» **Assigned task**
Extract from the entries below, exactly as given, only the lines from the line containing "proof cases" to the line containing "(\<lambda>z w. ?P'", both lines included.

» **Records for this exercise**
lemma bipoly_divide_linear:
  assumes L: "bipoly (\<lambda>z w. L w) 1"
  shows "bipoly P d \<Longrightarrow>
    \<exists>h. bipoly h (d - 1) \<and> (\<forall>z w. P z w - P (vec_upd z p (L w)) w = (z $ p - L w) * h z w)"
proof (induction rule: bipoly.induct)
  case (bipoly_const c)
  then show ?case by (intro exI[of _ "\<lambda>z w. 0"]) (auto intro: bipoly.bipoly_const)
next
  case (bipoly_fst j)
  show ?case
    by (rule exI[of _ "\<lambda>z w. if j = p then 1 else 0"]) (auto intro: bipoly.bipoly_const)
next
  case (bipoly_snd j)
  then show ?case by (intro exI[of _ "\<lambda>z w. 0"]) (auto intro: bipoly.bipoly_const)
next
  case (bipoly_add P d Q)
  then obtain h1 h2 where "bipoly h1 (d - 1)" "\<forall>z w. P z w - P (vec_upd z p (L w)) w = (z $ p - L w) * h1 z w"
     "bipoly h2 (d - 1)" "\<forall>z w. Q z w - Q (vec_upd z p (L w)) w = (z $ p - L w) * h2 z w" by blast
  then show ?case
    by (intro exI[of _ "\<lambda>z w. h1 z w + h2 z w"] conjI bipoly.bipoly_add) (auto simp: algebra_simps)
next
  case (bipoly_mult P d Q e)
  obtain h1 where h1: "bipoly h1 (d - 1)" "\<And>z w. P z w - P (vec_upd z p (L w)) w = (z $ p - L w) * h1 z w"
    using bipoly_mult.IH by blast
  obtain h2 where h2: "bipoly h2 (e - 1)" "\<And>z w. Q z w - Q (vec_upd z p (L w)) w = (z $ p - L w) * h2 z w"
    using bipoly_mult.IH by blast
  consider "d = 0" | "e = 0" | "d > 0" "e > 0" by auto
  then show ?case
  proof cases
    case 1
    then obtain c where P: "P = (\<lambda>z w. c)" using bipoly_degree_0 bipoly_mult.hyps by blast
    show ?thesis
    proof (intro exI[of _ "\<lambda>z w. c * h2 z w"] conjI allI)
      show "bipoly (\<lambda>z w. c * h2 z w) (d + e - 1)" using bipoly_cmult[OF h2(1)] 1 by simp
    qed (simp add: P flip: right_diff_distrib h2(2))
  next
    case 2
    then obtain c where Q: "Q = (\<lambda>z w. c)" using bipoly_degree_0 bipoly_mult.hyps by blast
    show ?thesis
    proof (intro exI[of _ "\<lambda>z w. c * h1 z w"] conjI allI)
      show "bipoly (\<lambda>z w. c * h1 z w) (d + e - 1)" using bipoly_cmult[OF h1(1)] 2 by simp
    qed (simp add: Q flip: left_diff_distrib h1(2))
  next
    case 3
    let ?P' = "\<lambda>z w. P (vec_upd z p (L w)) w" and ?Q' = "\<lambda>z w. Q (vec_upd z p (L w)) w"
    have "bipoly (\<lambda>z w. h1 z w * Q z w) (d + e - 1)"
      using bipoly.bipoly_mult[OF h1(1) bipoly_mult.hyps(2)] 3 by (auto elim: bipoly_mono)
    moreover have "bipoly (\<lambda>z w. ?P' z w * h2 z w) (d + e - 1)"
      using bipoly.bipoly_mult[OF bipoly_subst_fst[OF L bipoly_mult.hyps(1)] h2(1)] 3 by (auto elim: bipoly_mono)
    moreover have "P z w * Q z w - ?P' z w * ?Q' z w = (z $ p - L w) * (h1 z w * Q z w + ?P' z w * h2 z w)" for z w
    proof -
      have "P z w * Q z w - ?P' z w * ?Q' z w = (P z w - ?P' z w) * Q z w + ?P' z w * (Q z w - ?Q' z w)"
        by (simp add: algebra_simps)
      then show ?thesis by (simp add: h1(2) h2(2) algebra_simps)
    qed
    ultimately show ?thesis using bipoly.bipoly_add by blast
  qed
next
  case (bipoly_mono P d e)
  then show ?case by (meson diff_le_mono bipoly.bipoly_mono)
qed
--
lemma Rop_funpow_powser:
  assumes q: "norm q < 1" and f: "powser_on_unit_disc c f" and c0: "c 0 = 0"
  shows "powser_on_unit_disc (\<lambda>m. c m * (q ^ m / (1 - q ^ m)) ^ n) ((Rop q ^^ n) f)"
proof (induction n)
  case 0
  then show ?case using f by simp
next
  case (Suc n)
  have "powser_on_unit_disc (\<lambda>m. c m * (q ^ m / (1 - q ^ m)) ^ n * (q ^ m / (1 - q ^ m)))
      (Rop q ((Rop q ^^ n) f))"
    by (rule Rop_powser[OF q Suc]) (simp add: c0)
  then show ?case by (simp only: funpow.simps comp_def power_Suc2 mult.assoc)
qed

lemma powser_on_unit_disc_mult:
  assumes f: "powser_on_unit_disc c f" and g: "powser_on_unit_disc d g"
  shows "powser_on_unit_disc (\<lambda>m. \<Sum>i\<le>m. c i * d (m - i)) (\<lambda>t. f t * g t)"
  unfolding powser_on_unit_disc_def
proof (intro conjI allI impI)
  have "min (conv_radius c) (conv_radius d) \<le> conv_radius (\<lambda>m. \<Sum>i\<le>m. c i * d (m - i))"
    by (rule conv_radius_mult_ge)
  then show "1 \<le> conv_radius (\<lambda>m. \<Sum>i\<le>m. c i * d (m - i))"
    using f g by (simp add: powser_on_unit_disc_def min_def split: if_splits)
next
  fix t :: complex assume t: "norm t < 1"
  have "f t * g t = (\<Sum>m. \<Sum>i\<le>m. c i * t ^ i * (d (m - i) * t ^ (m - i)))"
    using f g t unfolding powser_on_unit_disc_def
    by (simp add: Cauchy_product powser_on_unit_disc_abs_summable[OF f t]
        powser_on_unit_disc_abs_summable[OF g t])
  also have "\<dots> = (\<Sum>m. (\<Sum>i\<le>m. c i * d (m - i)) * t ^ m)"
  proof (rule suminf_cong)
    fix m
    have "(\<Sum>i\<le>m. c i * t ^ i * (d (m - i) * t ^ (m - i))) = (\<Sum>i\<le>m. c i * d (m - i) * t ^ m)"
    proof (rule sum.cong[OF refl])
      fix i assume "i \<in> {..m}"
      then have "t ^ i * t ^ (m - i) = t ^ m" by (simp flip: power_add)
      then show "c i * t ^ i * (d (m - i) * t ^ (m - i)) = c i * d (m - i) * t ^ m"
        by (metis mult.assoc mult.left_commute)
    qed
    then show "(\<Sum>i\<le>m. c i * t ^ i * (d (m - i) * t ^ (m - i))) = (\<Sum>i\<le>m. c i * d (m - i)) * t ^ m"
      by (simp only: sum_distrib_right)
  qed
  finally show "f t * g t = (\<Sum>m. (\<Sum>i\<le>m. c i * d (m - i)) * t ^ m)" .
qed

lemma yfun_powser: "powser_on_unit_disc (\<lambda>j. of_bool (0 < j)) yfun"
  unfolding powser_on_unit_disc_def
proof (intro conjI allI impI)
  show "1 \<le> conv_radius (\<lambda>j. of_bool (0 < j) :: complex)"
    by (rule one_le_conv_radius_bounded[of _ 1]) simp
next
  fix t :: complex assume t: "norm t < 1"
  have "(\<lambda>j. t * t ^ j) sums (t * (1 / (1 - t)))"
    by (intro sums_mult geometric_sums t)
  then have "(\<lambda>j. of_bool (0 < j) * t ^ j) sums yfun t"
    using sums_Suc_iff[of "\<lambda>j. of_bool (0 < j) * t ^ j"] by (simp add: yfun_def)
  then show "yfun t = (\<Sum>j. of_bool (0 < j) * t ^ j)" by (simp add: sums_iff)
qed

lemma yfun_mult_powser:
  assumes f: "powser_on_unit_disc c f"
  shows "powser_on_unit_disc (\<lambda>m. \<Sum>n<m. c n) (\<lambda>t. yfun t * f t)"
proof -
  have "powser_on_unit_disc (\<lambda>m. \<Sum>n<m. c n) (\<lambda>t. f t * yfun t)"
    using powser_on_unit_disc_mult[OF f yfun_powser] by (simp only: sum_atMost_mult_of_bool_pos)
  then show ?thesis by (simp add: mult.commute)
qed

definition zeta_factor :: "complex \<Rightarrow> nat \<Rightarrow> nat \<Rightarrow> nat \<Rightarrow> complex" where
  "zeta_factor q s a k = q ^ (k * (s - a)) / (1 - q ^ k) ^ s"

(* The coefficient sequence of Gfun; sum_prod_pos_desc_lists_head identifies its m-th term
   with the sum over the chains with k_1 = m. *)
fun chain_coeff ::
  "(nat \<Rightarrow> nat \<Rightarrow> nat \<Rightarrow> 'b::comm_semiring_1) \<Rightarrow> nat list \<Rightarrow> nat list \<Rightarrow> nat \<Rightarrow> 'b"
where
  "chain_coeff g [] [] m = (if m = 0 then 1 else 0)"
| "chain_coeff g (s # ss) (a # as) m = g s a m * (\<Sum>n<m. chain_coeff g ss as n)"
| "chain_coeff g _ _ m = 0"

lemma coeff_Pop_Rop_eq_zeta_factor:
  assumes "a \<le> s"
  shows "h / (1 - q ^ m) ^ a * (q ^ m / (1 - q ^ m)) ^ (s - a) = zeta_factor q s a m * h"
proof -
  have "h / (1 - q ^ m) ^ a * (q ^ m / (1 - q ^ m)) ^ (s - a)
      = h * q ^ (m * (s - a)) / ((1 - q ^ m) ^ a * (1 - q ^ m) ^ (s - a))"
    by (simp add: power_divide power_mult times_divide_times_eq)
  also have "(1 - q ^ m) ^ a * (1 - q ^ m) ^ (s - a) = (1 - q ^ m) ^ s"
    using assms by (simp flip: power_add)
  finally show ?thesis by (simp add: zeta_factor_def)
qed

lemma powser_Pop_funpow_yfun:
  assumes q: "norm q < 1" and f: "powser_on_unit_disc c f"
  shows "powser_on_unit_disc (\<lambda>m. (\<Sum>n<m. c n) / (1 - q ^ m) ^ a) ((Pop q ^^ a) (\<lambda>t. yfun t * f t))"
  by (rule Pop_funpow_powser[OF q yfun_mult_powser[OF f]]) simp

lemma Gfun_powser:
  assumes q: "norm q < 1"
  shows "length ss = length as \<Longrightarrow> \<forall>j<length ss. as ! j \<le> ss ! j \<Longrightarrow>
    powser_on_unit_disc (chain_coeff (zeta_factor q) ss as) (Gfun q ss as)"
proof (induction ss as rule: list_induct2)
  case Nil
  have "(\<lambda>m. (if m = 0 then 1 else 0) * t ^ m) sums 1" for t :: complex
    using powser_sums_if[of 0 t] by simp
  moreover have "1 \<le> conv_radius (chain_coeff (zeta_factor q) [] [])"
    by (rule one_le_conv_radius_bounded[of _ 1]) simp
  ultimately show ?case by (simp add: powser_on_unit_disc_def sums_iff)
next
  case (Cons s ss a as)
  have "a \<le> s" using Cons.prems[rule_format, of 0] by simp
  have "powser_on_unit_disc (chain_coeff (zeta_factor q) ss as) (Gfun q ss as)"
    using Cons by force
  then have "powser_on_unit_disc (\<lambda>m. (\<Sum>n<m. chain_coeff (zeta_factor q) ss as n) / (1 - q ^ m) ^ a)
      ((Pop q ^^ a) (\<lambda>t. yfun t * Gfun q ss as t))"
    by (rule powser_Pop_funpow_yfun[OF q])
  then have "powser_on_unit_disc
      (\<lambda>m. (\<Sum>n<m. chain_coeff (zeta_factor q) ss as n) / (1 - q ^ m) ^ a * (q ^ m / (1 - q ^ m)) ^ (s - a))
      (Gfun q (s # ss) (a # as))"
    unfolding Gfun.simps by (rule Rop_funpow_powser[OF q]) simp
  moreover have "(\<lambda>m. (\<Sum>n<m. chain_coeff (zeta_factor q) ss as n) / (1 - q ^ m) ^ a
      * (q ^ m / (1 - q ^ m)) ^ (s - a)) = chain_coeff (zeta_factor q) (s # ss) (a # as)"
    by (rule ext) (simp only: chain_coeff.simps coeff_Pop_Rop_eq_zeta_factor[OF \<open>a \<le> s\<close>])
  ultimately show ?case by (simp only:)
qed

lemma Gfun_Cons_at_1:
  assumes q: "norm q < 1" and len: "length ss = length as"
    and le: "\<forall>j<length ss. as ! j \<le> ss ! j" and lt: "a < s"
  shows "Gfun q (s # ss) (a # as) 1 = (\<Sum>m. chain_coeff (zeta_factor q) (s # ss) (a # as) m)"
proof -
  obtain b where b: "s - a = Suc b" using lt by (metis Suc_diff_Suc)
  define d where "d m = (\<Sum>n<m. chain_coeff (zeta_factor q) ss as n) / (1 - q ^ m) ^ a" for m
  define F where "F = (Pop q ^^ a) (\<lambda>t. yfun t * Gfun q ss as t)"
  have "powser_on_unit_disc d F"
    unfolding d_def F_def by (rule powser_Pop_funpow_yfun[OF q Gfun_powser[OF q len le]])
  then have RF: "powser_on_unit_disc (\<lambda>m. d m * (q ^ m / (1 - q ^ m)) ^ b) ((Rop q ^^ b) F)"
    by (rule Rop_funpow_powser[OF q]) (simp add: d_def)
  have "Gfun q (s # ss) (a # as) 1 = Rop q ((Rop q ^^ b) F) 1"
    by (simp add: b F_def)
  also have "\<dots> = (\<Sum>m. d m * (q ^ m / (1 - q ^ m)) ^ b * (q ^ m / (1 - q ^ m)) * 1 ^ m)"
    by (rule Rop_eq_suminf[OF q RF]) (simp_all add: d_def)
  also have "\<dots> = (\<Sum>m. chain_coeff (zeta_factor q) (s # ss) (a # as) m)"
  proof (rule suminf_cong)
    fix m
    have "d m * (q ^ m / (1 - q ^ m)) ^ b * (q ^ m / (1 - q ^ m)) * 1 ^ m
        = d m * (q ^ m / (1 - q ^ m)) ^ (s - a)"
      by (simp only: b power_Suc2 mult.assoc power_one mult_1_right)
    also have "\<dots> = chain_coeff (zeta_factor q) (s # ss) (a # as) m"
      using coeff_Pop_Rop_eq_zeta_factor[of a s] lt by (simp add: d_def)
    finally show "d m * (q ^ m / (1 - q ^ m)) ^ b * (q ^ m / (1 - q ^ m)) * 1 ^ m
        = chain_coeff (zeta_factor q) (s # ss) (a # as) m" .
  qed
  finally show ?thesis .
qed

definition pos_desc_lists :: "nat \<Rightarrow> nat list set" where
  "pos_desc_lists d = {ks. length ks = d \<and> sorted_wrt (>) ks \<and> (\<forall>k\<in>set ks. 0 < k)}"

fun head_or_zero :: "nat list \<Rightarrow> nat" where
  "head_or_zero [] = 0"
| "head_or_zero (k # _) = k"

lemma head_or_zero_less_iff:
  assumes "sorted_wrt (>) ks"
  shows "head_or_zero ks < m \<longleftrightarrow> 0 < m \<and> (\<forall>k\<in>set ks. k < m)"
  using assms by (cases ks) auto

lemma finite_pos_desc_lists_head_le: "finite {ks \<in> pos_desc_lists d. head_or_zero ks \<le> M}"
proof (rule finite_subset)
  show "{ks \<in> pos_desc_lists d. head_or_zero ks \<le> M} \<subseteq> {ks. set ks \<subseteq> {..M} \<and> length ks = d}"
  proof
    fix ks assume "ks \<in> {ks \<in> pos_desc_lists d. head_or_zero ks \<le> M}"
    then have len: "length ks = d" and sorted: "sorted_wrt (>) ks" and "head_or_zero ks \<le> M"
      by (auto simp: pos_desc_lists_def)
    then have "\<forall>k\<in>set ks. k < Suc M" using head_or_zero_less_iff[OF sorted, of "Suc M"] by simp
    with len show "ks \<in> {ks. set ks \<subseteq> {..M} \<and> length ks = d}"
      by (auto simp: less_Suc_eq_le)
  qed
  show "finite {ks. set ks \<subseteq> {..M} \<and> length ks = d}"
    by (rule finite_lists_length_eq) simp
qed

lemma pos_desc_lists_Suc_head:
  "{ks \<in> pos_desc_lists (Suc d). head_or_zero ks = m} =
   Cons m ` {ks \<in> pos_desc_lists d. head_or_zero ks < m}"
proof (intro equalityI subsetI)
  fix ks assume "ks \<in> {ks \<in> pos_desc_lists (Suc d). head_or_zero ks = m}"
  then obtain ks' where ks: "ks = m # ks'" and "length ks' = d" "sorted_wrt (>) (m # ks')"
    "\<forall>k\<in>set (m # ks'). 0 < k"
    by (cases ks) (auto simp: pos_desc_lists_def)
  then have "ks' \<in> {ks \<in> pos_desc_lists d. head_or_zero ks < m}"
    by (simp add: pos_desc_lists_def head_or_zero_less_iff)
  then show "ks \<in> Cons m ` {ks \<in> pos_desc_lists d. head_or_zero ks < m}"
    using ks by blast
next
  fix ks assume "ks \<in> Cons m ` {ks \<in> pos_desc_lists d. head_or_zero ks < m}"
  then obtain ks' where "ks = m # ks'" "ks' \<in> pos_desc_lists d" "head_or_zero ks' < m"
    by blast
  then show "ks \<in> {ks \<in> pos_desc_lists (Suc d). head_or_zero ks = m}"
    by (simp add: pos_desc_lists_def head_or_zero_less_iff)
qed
* * *
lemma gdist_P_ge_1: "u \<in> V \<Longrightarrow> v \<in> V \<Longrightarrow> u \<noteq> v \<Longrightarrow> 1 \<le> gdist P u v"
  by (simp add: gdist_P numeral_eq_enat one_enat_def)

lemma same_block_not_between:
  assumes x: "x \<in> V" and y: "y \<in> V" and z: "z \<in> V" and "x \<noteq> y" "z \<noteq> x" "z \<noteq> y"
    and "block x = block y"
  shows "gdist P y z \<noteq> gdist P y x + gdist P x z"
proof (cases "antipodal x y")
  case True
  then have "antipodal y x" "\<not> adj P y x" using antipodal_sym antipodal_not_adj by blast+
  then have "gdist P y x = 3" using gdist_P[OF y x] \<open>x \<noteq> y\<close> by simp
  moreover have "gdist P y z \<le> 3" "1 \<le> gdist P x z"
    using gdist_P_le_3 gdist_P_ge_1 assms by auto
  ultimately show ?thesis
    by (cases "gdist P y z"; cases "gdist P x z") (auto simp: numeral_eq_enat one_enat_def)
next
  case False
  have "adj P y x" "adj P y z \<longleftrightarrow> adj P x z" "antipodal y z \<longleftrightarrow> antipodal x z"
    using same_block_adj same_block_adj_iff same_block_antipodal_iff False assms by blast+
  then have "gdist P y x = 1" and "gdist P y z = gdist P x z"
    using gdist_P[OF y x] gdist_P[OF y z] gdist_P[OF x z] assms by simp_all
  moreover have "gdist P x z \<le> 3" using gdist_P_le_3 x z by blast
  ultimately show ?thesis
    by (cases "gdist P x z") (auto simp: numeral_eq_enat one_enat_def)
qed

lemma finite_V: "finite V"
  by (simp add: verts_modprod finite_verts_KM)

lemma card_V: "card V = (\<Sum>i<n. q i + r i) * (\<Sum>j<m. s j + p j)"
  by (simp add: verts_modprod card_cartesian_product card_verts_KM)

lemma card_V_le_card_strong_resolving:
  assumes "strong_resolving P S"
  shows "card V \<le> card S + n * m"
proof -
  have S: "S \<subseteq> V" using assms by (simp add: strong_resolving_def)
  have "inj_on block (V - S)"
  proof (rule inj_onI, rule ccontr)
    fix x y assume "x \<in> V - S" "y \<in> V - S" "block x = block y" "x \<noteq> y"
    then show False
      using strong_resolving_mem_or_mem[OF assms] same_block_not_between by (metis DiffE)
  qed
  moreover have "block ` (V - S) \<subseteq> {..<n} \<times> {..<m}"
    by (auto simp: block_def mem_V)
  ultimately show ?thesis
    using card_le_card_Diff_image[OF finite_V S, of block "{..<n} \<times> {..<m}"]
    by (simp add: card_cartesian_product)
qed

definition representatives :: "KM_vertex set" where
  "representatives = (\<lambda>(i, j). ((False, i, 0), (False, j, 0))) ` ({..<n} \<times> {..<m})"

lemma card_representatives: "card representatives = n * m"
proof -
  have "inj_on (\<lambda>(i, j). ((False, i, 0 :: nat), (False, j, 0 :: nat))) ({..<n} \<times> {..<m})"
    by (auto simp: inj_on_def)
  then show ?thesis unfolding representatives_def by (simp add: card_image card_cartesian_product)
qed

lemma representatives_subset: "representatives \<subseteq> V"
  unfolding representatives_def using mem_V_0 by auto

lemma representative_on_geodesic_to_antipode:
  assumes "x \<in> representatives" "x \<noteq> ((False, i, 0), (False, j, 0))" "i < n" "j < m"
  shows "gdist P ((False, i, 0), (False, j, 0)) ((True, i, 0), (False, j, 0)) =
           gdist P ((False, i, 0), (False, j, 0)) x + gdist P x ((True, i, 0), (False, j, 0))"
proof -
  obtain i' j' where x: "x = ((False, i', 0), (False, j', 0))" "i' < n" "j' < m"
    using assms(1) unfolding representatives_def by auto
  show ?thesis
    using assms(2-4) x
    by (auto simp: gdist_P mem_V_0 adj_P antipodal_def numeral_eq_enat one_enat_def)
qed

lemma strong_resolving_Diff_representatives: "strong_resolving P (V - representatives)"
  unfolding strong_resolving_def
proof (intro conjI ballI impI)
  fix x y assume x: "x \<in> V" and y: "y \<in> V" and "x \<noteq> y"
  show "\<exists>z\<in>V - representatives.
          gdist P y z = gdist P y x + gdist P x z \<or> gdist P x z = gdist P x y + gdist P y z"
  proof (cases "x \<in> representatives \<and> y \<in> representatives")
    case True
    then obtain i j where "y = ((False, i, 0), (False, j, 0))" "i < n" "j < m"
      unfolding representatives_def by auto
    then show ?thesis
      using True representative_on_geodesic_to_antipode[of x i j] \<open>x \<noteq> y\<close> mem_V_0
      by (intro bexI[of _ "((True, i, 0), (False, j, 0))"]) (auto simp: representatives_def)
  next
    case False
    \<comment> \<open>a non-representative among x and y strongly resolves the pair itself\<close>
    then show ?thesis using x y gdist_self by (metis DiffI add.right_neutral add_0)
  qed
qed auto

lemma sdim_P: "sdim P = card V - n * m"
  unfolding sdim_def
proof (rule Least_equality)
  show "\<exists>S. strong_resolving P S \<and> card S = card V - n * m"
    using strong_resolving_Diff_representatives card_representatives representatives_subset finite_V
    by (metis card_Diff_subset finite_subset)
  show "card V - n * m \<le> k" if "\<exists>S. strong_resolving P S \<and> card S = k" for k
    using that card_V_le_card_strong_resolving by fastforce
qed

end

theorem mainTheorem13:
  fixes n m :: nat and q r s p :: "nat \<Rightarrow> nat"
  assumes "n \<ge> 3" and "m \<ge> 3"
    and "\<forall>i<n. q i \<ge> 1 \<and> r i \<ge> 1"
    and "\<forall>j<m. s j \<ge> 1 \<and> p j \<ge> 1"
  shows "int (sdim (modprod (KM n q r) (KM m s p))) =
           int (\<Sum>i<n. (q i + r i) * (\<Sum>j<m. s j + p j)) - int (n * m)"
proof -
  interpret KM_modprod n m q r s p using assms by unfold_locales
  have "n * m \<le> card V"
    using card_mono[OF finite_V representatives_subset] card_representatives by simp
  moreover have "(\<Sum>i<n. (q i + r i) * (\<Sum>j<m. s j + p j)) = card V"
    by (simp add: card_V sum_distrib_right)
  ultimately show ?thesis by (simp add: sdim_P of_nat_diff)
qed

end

» **Exercise output**
  proof cases
    case 1
    then obtain c where P: "P = (\<lambda>z w. c)" using bipoly_degree_0 bipoly_mult.hyps by blast
    show ?thesis
    proof (intro exI[of _ "\<lambda>z w. c * h2 z w"] conjI allI)
      show "bipoly (\<lambda>z w. c * h2 z w) (d + e - 1)" using bipoly_cmult[OF h2(1)] 1 by simp
    qed (simp add: P flip: right_diff_distrib h2(2))
  next
    case 2
    then obtain c where Q: "Q = (\<lambda>z w. c)" using bipoly_degree_0 bipoly_mult.hyps by blast
    show ?thesis
    proof (intro exI[of _ "\<lambda>z w. c * h1 z w"] conjI allI)
      show "bipoly (\<lambda>z w. c * h1 z w) (d + e - 1)" using bipoly_cmult[OF h1(1)] 2 by simp
    qed (simp add: Q flip: left_diff_distrib h1(2))
  next
    case 3
    let ?P' = "\<lambda>z w. P (vec_upd z p (L w)) w" and ?Q' = "\<lambda>z w. Q (vec_upd z p (L w)) w"
    have "bipoly (\<lambda>z w. h1 z w * Q z w) (d + e - 1)"
      using bipoly.bipoly_mult[OF h1(1) bipoly_mult.hyps(2)] 3 by (auto elim: bipoly_mono)
    moreover have "bipoly (\<lambda>z w. ?P' z w * h2 z w) (d + e - 1)"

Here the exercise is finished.